[Collected data]

(* Let $\mathbb{F}$ be an algebraically closed field of characteristic $p>2$ and $(V,[\cdot,\cdot]_V,\alpha_V,B_V)$ a restricted involutive quadratic Hom-Lie algebra with $p$-structure $[p]_V$. Let $L=\mathbb{F}e^*\oplus V\oplus\mathbb{F}e$ be the double extension of $V$ by $(\mathscr{D},x_0,1,\lambda_0)$ and $\widetilde L=\mathbb{F}\widetilde e^*\oplus V\oplus\mathbb{F}\widetilde e$ the double extension by $(\widetilde{\mathscr{D}},\widetilde x_0,1,\widetilde\lambda_0)$, where $\mathscr{D},\widetilde{\mathscr{D}}\in\mathrm{Der}_{\alpha_V}(V)$ are restricted derivations with the $p$-property (data $\xi,a_0$ resp. $\widetilde\xi,\widetilde a_0$) and $B_V$ is $\mathscr{D}$- and $\widetilde{\mathscr{D}}$-invariant. Let $L$ carry the $p$-structure $u^{[p]_L}=u^{[p]_V}+\mathscr{P}(u)e$ ($u\in V$), $(e^* )^{[p]_L}=a_0+le+\xi e^*$, $e^{[p]_L}=me+u_0$, and $\widetilde L$ the $p$-structure $u^{[p]_{\widetilde L}}=u^{[p]_V}+\widetilde{\mathscr{P}}(u)\widetilde e$, $(\widetilde e^* )^{[p]_{\widetilde L}}=\widetilde a_0+\widetilde l\widetilde e+\widetilde\xi\widetilde e^*$, $\widetilde e^{[p]_{\widetilde L}}=\widetilde m\widetilde e+\widetilde u_0$, where $l,m,\widetilde l,\widetilde m\in\mathbb{F}$, $u_0,\widetilde u_0\in\mathfrak z(V)$ with $\mathscr{D}(u_0)=\widetilde{\mathscr{D}}(\widetilde u_0)=0$, and $\mathscr{P},\widetilde{\mathscr{P}}:V\to\mathbb{F}$ satisfy $\mathscr{P}(cu)=c^p\mathscr{P}(u)$, $\mathscr{P}(u+v)=\mathscr{P}(u)+\mathscr{P}(v)+\sum_{i=1}^{p-1}\eta_i^V(u,v)$ (and likewise $\widetilde{\mathscr{P}}$ with $\widetilde\eta_i^V$ defined using $\widetilde{\mathscr{D}}$). Let $\pi:L\to\widetilde L$ be an adapted isomorphism of the form $\pi(u)=\pi_0(u)+B_V(t_\pi,u)\widetilde e$ ($u\in V$), $\pi(e)=\gamma\widetilde e$, $\pi(e^* )=\gamma^{-1}(\widetilde e^*-\pi_0(t_\pi)-\frac12B_V(t_\pi,t_\pi)\widetilde e)$, where $\pi_0$ is an automorphism of $V$, $\gamma\in\mathbb{F}\setminus\{0\}$ and $t_\pi\in V$. Then $\pi$ is restricted (i.e. $\pi(f^{[p]_L})=\pi(f)^{[p]_{\widetilde L}}$ for all $f\in L$) if and only if $\pi_0(u^{[p]_V})=(\pi_0(u))^{[p]_V}+B_V(t_\pi,u)^p\widetilde u_0$ for all $u\in V$ and $\widetilde{\mathscr{P}}\circ\pi_0=\gamma\mathscr{P}+B_V(t_\pi,(\cdot)^{[p]_V})-B_V(t_\pi,\cdot)^p\widetilde m$, $\widetilde\xi=\gamma^{p-1}\xi$, $\widetilde l=\gamma^p\big(B_V(t_\pi,a_0)+\gamma l-\frac{\xi}{2\gamma}B_V(t_\pi,t_\pi)\big)+\widetilde{\mathscr{P}}(\pi_0(t_\pi))+\frac{1}{2^p}B_V(t_\pi,t_\pi)^p\widetilde m-\sum_{i=1}^{p-1}\frac1i\Phi_{i,\mathrm{II}}$, $\widetilde a_0=\gamma^p(\pi_0(a_0)-\gamma^{-1}\xi\pi_0(t_\pi))+\frac{1}{2^p}B_V(t_\pi,t_\pi)^p\widetilde u_0+\pi_0(t_\pi)^{[p]_V}-\sum_{i=1}^{p-1}\frac1i\Phi_{i,\mathrm{I}}$, $\widetilde m=\gamma^{-p}(\gamma m+B_V(t_\pi,u_0))$, $\widetilde u_0=\gamma^{-p}\pi_0(u_0)$.
   Context: Hom-Lie algebra: $(\mathfrak g,[\cdot,\cdot],\alpha)$ with $[x,y]=-[y,x]$, $[\alpha(x),[y,z]]+[\alpha(y),[z,x]]+[\alpha(z),[x,y]]=0$, $\alpha([x,y])=[\alpha x,\alpha y]$; involutive: $\alpha^2=\mathrm{id}$; quadratic: symmetric nondegenerate bilinear $B$, $B([x,y],z)=B(x,[y,z])$, $B(\alpha x,y)=B(x,\alpha y)$. $p$-structure: map $x\mapsto x^{[p]}$ with $\mathrm{ad}(x^{[p]})\alpha^{p-1}=\mathrm{ad}(\alpha^{p-1}x)\cdots\mathrm{ad}(x)$, $(kx)^{[p]}=k^px^{[p]}$, $(x+y)^{[p]}=x^{[p]}+y^{[p]}+\sum_{i=1}^{p-1}s_i(x,y)$ with $\mathrm{ad}(\alpha^{p-2}(kx+y))\cdots\mathrm{ad}(kx+y)(x)=\sum_i is_i(x,y)k^{i-1}$. $\mathrm{Der}_{\alpha_V}(V)$: linear $\mathscr{D}$ with $\mathscr{D}\alpha_V=\alpha_V\mathscr{D}$, $\mathscr{D}[x,y]_V=[\mathscr{D}x,\alpha_Vy]_V+[\alpha_Vx,\mathscr{D}y]_V$; restricted: $\mathscr{D}(x^{[p]_V})=\mathrm{ad}_V(\alpha_V^{p-1}x)\cdots\mathrm{ad}_V(\alpha_Vx)(\mathscr{D}x)$; $p$-property with data $\xi,a_0$: $\mathscr{D}^p=\xi\mathscr{D}\alpha_V^{p-1}+\mathrm{ad}_V(a_0)\alpha_V^{p-1}$, $\mathscr{D}(a_0)=0$. $B_V$ $\mathscr{D}$-invariant: $B_V(\mathscr{D}x,y)+B_V(x,\mathscr{D}y)=0$. $\eta_i^V(u,v)$: defined by $B_V(\mathscr{D}(\alpha_V^{p-2}(ku+v)),\mathrm{ad}_V(\alpha_V^{p-3}(ku+v))\cdots\mathrm{ad}_V(ku+v)(u))=\sum_{i=1}^{p-1}i\eta_i^V(u,v)k^{i-1}$ for all $k$. Double extension by $(\mathscr{D},x_0,1,\lambda_0)$, where $x_0\in V$ satisfies $\mathscr{D}+\mathrm{ad}_V(x_0)=\mathscr{D}$, $\alpha_V(\mathscr{D}x_0)=-\mathscr{D}x_0$, $\alpha_V\mathscr{D}^2-\mathscr{D}^2\alpha_V=\mathrm{ad}_V(\mathscr{D}x_0)$: $L=\mathbb{F}e^*\oplus V\oplus\mathbb{F}e$ with skew bracket $[x,y]=[x,y]_V+B_V(\mathscr{D}x,y)e$, $[e^*,x]=-[x,e^*]=\mathscr{D}x$, $[e^*,e^*]=0$, $e$ central; $\alpha(x)=\alpha_V(x)+B_V(x_0,x)e$, $\alpha(e^* )=e^*+x_0+\lambda_0e$, $\alpha(e)=e$; $B|_V=B_V$, $B(V,e)=B(V,e^* )=0$, $B(e^*,e)=1$, $B(e^*,e^* )=B(e,e)=0$ (likewise $\widetilde L$ with twist $\widetilde\alpha$). Adapted isomorphism: linear bijection $\pi:L\to\widetilde L$ preserving brackets and forms, $\pi\alpha=\widetilde\alpha\pi$, $\pi(\mathbb{F}e\oplus V)=\mathbb{F}\widetilde e\oplus V$. Automorphism $\pi_0$ of $V$: linear bijection preserving $[\cdot,\cdot]_V$, $B_V$ and commuting with $\alpha_V$. $\Phi_{i,\mathrm I}\in V$, $\Phi_{i,\mathrm{II}}\in\mathbb{F}$: define $\Phi_i\in\widetilde L$ ($1\le i\le p-1$) by $\mathrm{ad}(\widetilde\alpha^{p-2}(k\widetilde e^*-\pi_0(t_\pi)))\circ\cdots\circ\mathrm{ad}(k\widetilde e^*-\pi_0(t_\pi))(\widetilde e^* )=\sum_{i=1}^{p-1}\Phi_ik^{i-1}$ for all $k\in\mathbb{F}$ (brackets in $\widetilde L$), and let $\Phi_{i,\mathrm I}$ and $\Phi_{i,\mathrm{II}}$ be the $V$-component and the $\widetilde e$-coefficient of $\Phi_i$ in $\widetilde L=\mathbb{F}\widetilde e^*\oplus V\oplus\mathbb{F}\widetilde e$. *)

theory Defs
  imports "HOL-Computational_Algebra.Polynomial" "HOL-Library.Product_Plus"
begin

* What is needed:
Repeat exactly the lines of the records from the one containing "theory Defs" to the last, and include no line outside that stretch.

* Reply:
theory Defs
  imports "HOL-Computational_Algebra.Polynomial" "HOL-Library.Product_Plus"
begin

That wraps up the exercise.